Все-таки это была хорошая идея — привезти милую добросовестную женщину, чтоб она смахнула пыль прошлого со стола, прибрала в спальне, вымела пол, перемыла посуду со следами яств, — что-то с этим домом надо было делать, в конце концов. Один бы я не решился приехать сюда, где все так полнилось ею, прошлым счастьем, неутихающей болью.

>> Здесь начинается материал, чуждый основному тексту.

text \<open>The generic point of an irreducible closed set \<open>Z\<close> lies over the intersection of the
  prime ideals \<open>c z\<close>, \<open>z \<in> Z\<close>, which is prime by irreducibility.\<close>

lemma irreducible_closed_has_generic_point:
  assumes "closedin Zar Z" "irreducible_in Zar Z"
  shows "\<exists>x\<in>Z. Zar closure_of {x} = Z"
proof -
  obtain S where S: "S \<subseteq> carrier R" "Z = V S"
    using assms(1) unfolding closedin_zariski by blast
  have "Z \<noteq> {}" and irreducible: "\<And>A B. closedin Zar A \<Longrightarrow> closedin Zar B \<Longrightarrow> Z \<subseteq> A \<union> B
      \<Longrightarrow> Z \<subseteq> A \<or> Z \<subseteq> B"
    using assms(2) unfolding irreducible_in_def by blast+
  have Z_Sp: "Z \<subseteq> Sp"
    using S(2) zero_locus_subset by blast
  define P where "P = \<Inter> (c ` Z)"
  have "primeideal P R"
  proof (rule primeidealI[OF _ is_cring])
    show "ideal P R"
      unfolding P_def using \<open>Z \<noteq> {}\<close> Z_Sp ideal_c by (intro i_Intersect) auto
    show "carrier R \<noteq> P"
      unfolding P_def using \<open>Z \<noteq> {}\<close> Z_Sp one_notin_c by blast
    fix a b assume a: "a \<in> carrier R" and b: "b \<in> carrier R" and "a \<otimes> b \<in> P"
    then have "Z \<subseteq> V {a \<otimes> b}"
      unfolding P_def zero_locus_def using Z_Sp by blast
    also have "V {a \<otimes> b} = V {a} \<union> V {b}"
      using zero_locus_Un_mult[of "{a}" "{b}"] a b by simp
    finally have "Z \<subseteq> V {a} \<or> Z \<subseteq> V {b}"
      using irreducible closedin_zero_locus a b by simp
    then show "a \<in> P \<or> b \<in> P"
      unfolding P_def zero_locus_def by blast
  qed
  moreover have "I \<subseteq> P" "S \<subseteq> P"
    unfolding P_def using Z_Sp I_subset_c S(2) unfolding zero_locus_def by blast+
  ultimately obtain x where x: "x \<in> Sp" "c x = P"
    using primeideal_imageE by blast
  have "V P = Z"
    using \<open>S \<subseteq> P\<close> S(2) Z_Sp zero_locus_antimono[of S P] unfolding P_def zero_locus_def by blast
  moreover have "x \<in> Z"
    using x \<open>S \<subseteq> P\<close> S(2) unfolding zero_locus_def by blast
  ultimately show ?thesis
    using closure_of_point[OF x(1)] x(2) by auto
qed

theorem spectral_space_iff_t0_space: "spectral_space Zar \<longleftrightarrow> t0_space Zar"
  unfolding spectral_space_def
  by (simp add: compact_space_zariski compactin_Int open_Union_compact_opens
      irreducible_closed_has_generic_point)

sublocale quotient: prime_ideal_map "R Quot I" "SpecR (R Quot I)" "\<lambda>P. P"
  using ideal.quotient_is_cring[OF ideal_I is_cring]
  by (simp add: prime_ideal_map_def prime_ideal_map_axioms_def SpecR_def)

abbreviation quot_prime
  where "quot_prime x \<equiv> (+>) I ` c x"

lemma Union_quot_prime: "x \<in> Sp \<Longrightarrow> \<Union> (quot_prime x) = c x"
  by (rule Union_rcos_image[OF ideal_I ideal_c I_subset_c])

lemma image_quot_prime: "quot_prime ` Sp = SpecR (R Quot I)"
proof (intro equalityI subsetI)
  fix Q assume "Q \<in> quot_prime ` Sp"
  then show "Q \<in> SpecR (R Quot I)"
    unfolding SpecR_def using primeideal_rcos_image[OF ideal_I primeideal_c I_subset_c] by blast
next
  fix Q assume "Q \<in> SpecR (R Quot I)"
  then obtain P where P: "primeideal P R" "I \<subseteq> P" "Q = (+>) I ` P"
    unfolding SpecR_def using quot_primeidealE[OF ideal_I] by blast
  obtain x where "x \<in> Sp" "c x = P"
    using primeideal_imageE[OF P(1,2)] by blast
  then show "Q \<in> quot_prime ` Sp"
    using P(3) by blast
qed

lemma quot_prime_in_SpecR: "x \<in> Sp \<Longrightarrow> quot_prime x \<in> SpecR (R Quot I)"
  using image_quot_prime by blast

lemma continuous_map_quot_prime: "continuous_map Zar quotient.Zar quot_prime"
  unfolding continuous_map_closedin topspace_zariski quotient.topspace_zariski
proof (intro conjI allI impI)
  show "quot_prime \<in> Sp \<rightarrow> SpecR (R Quot I)"
    using quot_prime_in_SpecR by blast
  fix C assume "closedin quotient.Zar C"
  then obtain S where S: "S \<subseteq> carrier (R Quot I)" "C = quotient.V S"
    unfolding quotient.closedin_zariski by blast
  have "quot_prime x \<in> C \<longleftrightarrow> \<Union>S \<subseteq> c x" if "x \<in> Sp" for x
  proof -
    have "quot_prime x \<in> C \<longleftrightarrow> S \<subseteq> quot_prime x"
      using S(2) quot_prime_in_SpecR[OF that] unfolding zero_locus_def by simp
    also have "\<dots> \<longleftrightarrow> \<Union>S \<subseteq> c x"
      by (rule subset_rcos_image_iff[OF ideal_I ideal_c[OF that] I_subset_c[OF that] S(1)])
    finally show ?thesis .
  qed
  then have "{x \<in> Sp. quot_prime x \<in> C} = V (\<Union>S)"
    by (auto simp: zero_locus_def)
  then show "closedin Zar {x \<in> Sp. quot_prime x \<in> C}"
    using closedin_zero_locus canonical_proj_vimage_in_carrier[OF ideal_I S(1)] by simp
qed

lemma image_quot_prime_zero_locus:
  assumes S: "S \<subseteq> carrier R"
  shows "quot_prime ` V S = quotient.V ((+>) I ` S)"
proof (intro equalityI subsetI)
  fix Q assume "Q \<in> quot_prime ` V S"
  then obtain x where x: "x \<in> Sp" "S \<subseteq> c x" "Q = quot_prime x"
    unfolding zero_locus_def by blast
  then show "Q \<in> quotient.V ((+>) I ` S)"
    using quot_prime_in_SpecR[OF x(1)] unfolding zero_locus_def by blast
next
  fix Q assume "Q \<in> quotient.V ((+>) I ` S)"
  then have "Q \<in> quot_prime ` Sp" "(+>) I ` S \<subseteq> Q"
    unfolding zero_locus_def image_quot_prime by blast+
  then obtain x where x: "x \<in> Sp" "Q = quot_prime x" "(+>) I ` S \<subseteq> quot_prime x"
    by blast
  then have "S \<subseteq> c x"
    using rcos_image_subset_iff[OF ideal_I ideal_c[OF x(1)] I_subset_c[OF x(1)] S] by simp
  then show "Q \<in> quot_prime ` V S"
    using x(1,2) unfolding zero_locus_def by blast
qed

lemma closed_map_quot_prime: "closed_map Zar quotient.Zar quot_prime"
  unfolding closed_map_def
proof (intro allI impI)
  fix U assume "closedin Zar U"
  then obtain S where S: "S \<subseteq> carrier R" "U = V S"
    unfolding closedin_zariski by blast
  have "(+>) I ` S \<subseteq> carrier (R Quot I)"
  proof (rule image_subsetI)
    fix s assume "s \<in> S"
    then show "I +> s \<in> carrier (R Quot I)"
      using ring_hom_closed[OF ideal.rcos_ring_hom[OF ideal_I]] S(1) by blast
  qed
  then show "closedin quotient.Zar (quot_prime ` U)"
    unfolding S(2) image_quot_prime_zero_locus[OF S(1)] by (rule quotient.closedin_zero_locus)
qed

lemma homeomorphic_map_quot_prime:
  assumes inj: "inj_on c Sp"
  shows "homeomorphic_map Zar quotient.Zar quot_prime"
proof (rule bijective_closed_imp_homeomorphic_map)
  show "quot_prime ` topspace Zar = topspace quotient.Zar"
    unfolding topspace_zariski quotient.topspace_zariski by (rule image_quot_prime)
  show "inj_on quot_prime (topspace Zar)"
    unfolding topspace_zariski
  proof (rule inj_onI)
    fix x y assume x: "x \<in> Sp" and y: "y \<in> Sp" and "quot_prime x = quot_prime y"
    have "c x = \<Union> (quot_prime x)"
      by (rule Union_quot_prime[OF x, symmetric])
    also have "\<dots> = \<Union> (quot_prime y)"
      using \<open>quot_prime x = quot_prime y\<close> by (rule arg_cong)
    also have "\<dots> = c y"
      by (rule Union_quot_prime[OF y])
    finally show "x = y"
      using inj_onD[OF inj _ x y] by simp
  qed
qed (rule continuous_map_quot_prime, rule closed_map_quot_prime)

theorem homeomorphic_space_quotient_iff_inj:
  "Zar homeomorphic_space zariskiR (R Quot I) \<longleftrightarrow> inj_on c Sp"
  unfolding zariskiR_eq_zariski_on
proof
  assume "Zar homeomorphic_space quotient.Zar"
  then have "t0_space Zar \<longleftrightarrow> t0_space quotient.Zar"
    by (rule homeomorphic_t0_space)
  then show "inj_on c Sp"
    using quotient.t0_space_iff_inj t0_space_iff_inj by simp
next
  assume "inj_on c Sp"
  then show "Zar homeomorphic_space quotient.Zar"
    unfolding homeomorphic_space using homeomorphic_map_quot_prime by blast
qed

end

section \<open>le-modules\<close>

lemma le_if_Sup_pair_preserving:
  fixes f :: "'a::complete_lattice \<Rightarrow> 'b::complete_lattice"
  assumes "f (Sup {a, b}) = Sup (f ` {a, b})" and "a \<le> b"
  shows "f a \<le> f b"
proof -
  have "f b = sup (f a) (f b)"
    using assms by (simp add: sup_absorb2)
  then show ?thesis
    by (metis sup.cobounded1)
qed

locale le_mod =
  fixes R :: "('r, 'b) ring_scheme" (structure)
    and pl :: "'m::complete_lattice \<Rightarrow> 'm \<Rightarrow> 'm" and z :: 'm and sm :: "'r \<Rightarrow> 'm \<Rightarrow> 'm"
  assumes le_module: "le_module R pl z sm"
begin

sublocale cring R
  using le_module unfolding le_module_def by blast

abbreviation e :: 'm
  where "e \<equiv> Orderings.top"

lemma
  shows pl_Sup: "A \<noteq> {} \<Longrightarrow> pl m (Sup A) = Sup (pl m ` A)"
    and pl_commute: "pl m n = pl n m"
    and pl_z: "pl z m = m"
    and sm_add_le: "r \<in> carrier R \<Longrightarrow> s \<in> carrier R \<Longrightarrow> sm (r \<oplus> s) m \<le> pl (sm r m) (sm s m)"
    and sm_mult: "r \<in> carrier R \<Longrightarrow> s \<in> carrier R \<Longrightarrow> sm (r \<otimes> s) m = sm r (sm s m)"
    and sm_one: "sm \<one> m = m"
    and sm_zero: "sm \<zero> m = z"
    and sm_z: "r \<in> carrier R \<Longrightarrow> sm r z = z"
    and sm_Sup: "r \<in> carrier R \<Longrightarrow> sm r (Sup A) = Sup (sm r ` A)"
  using le_module unfolding le_module_def by blast+

lemma sm_mono: "r \<in> carrier R \<Longrightarrow> m \<le> n \<Longrightarrow> sm r m \<le> sm r n"
  by (rule le_if_Sup_pair_preserving[OF sm_Sup])

lemma pl_mono_right: "n \<le> n' \<Longrightarrow> pl m n \<le> pl m n'"
  by (rule le_if_Sup_pair_preserving[of "pl m", OF pl_Sup]) simp_all

lemma pl_mono:
  assumes "m \<le> m'" "n \<le> n'"
  shows "pl m n \<le> pl m' n'"
proof -
  have "pl m n \<le> pl m n'"
    using assms(2) by (rule pl_mono_right)
  also have "\<dots> = pl n' m"
    by (rule pl_commute)
  also have "\<dots> \<le> pl n' m'"
    using assms(1) by (rule pl_mono_right)
  also have "\<dots> = pl m' n'"
    by (rule pl_commute)
  finally show ?thesis .
qed

lemma z_le_submodule_elem:
  assumes "submodule_elem R pl sm n"
  shows "z \<le> n"
proof -
  have "sm \<zero> n \<le> n"
    using assms unfolding submodule_elem_def by simp
  then show ?thesis
    by (simp add: sm_zero)
qed

lemma submodule_elem_z: "submodule_elem R pl sm z"
  unfolding submodule_elem_def by (simp add: pl_z sm_z)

Когда я вернулся, в доме было прибрано и полы сияли чистотой, на столе стоял обед, привезенный с собою в термосе с широким горлом. Похлебали суп, съели по котлете. Алина неутомимо ходила по дому и осваивалась, цепким взглядом примеряясь, что еще можно прибрать, улучшить. Отправляясь сюда, я сказал ей, что дом принадлежит приятелю. Не хотел тревожить чуткую, с развитым воображением, не хотел, чтоб она переживала за меня, за всех нас.

Вот за что я любил Алину — за это умение дружить с вещами, за чувство гнезда. Мне нравилось, как она в мебельном придирчиво ощупывает козетки, пробует натянутый велюр дивана, дотошными вопросами загоняет продавца в угол, вызывая ненависть и уважение одновременно (каждый продавец ждет такого вот понимающего матерого покупателя, перед которым можно развернуть закрома своей профессии), как на рынке деловито и напористо торгуется с хитрооким продавцом из-за пучка укропа или упрямо, как бы невзначай докладывает на жульнические весы лишнюю картоху… Такая женщина не пропадет, думал я, ну не должна пропасть, вывернется из любой ситуации, а вместе с нею и тот, кого она обустраивает-обстирывает. Рядом с такой на мужчину нисходит покой и услада, вот такая женщина и должна охранять тебя со спины, думал я.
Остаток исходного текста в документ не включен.